顺序数据学习对于利用所包含的丰富知识完成各种下游任务至关重要，特别是在医疗保健领域（例如，疾病预测）。考虑到数据敏感性，基于联邦学习（FL）和分裂学习（SL）的隐私保护学习方法得到了广泛的研究。然而，这项工作首次发现，现有的方法忽略了顺序数据是由不同的患者在不同的时间产生的，并存储在不同的医院，未能学习不同时间段之间的顺序相关性。为了填补这一空白，提出了一种新的分布式学习框架STSL，该框架通过在分段上按顺序训练模型来实现。考虑到患者就诊顺序不同，STSL首先实现了基于安全多方计算机制的保密性就诊排序。然后，批调度将具有相似就诊（子）序列的患者参与到同一训练批次中，便于后续批次上的分裂学习。将调度过程描述为一个平衡学习损失和效率的NP-hard优化问题，并提出了一种基于贪婪的求解方法。理论分析证明了STSL的隐私保护特性。在实际eICU数据上的实验结果表明，与FL和SL相比，其性能优越（准确率提高5%），效率提高28 %（通信成本显著降低75%）。

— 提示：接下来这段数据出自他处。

section \<open>Fixed points of block upper-triangular matrices\<close>

lemma transpose_mult_append_vec_upper_block:
  fixes A :: "'a::comm_ring_1 mat"
  assumes A: "A \<in> carrier_mat (nS + nR) (nS + nR)"
    and lower_left: "\<And>q p. nS \<le> q \<Longrightarrow> q < nS + nR \<Longrightarrow> p < nS \<Longrightarrow> A $$ (q,p) = 0"
    and y: "y \<in> carrier_vec nS" and z: "z \<in> carrier_vec nR"
  shows "transpose_mat A *\<^sub>v (y @\<^sub>v z)
    = vec nS (\<lambda>p. \<Sum>q<nS. A $$ (q,p) * y $ q)
      @\<^sub>v (transpose_mat (T_SR A nS nR) *\<^sub>v y + transpose_mat (T_RR A nS nR) *\<^sub>v z)"
proof (rule eq_vecI)
  have entry: "(transpose_mat A *\<^sub>v (y @\<^sub>v z)) $ p
      = (\<Sum>q<nS. A $$ (q,p) * y $ q) + (\<Sum>k<nR. A $$ (nS + k, p) * z $ k)"
    if p: "p < nS + nR" for p
  proof -
    have "(transpose_mat A *\<^sub>v (y @\<^sub>v z)) $ p = (\<Sum>q<nS + nR. A $$ (q,p) * (y @\<^sub>v z) $ q)"
      using A y z p by (simp add: scalar_prod_def lessThan_atLeast0)
    also have "\<dots> = (\<Sum>q<nS. A $$ (q,p) * y $ q) + (\<Sum>k<nR. A $$ (nS + k, p) * z $ k)"
      using y z by (simp add: sum_lessThan_add)
    finally show ?thesis .
  qed
  fix p assume "p < dim_vec (vec nS (\<lambda>p. \<Sum>q<nS. A $$ (q,p) * y $ q)
      @\<^sub>v (transpose_mat (T_SR A nS nR) *\<^sub>v y + transpose_mat (T_RR A nS nR) *\<^sub>v z))"
  then have p: "p < nS + nR" by (simp add: T_SR_def T_RR_def)
  show "(transpose_mat A *\<^sub>v (y @\<^sub>v z)) $ p = (vec nS (\<lambda>p. \<Sum>q<nS. A $$ (q,p) * y $ q)
      @\<^sub>v (transpose_mat (T_SR A nS nR) *\<^sub>v y + transpose_mat (T_RR A nS nR) *\<^sub>v z)) $ p"
  proof (cases "p < nS")
    case True
    then show ?thesis using entry[OF p] lower_left by (simp add: T_SR_def)
  next
    case False
    then obtain r where r: "p = nS + r" "r < nR" using p by (metis add_diff_inverse_nat add_less_cancel_left)
    then show ?thesis
      using entry[OF p] y z by (simp add: T_SR_def T_RR_def scalar_prod_def lessThan_atLeast0)
  qed
qed (use A in \<open>simp add: T_SR_def T_RR_def\<close>)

本文章由计算机程序翻译，如有差异，请以英文原文为准。

求助全文

约1分钟内获得全文求助全文

来源期刊

IEEE Transactions on Big Data Multiple-

CiteScore

11.80

自引率

2.80%

发文量

114

期刊介绍： The IEEE Transactions on Big Data publishes peer-reviewed articles focusing on big data. These articles present innovative research ideas and application results across disciplines, including novel theories, algorithms, and applications. Research areas cover a wide range, such as big data analytics, visualization, curation, management, semantics, infrastructure, standards, performance analysis, intelligence extraction, scientific discovery, security, privacy, and legal issues specific to big data. The journal also prioritizes applications of big data in fields generating massive datasets.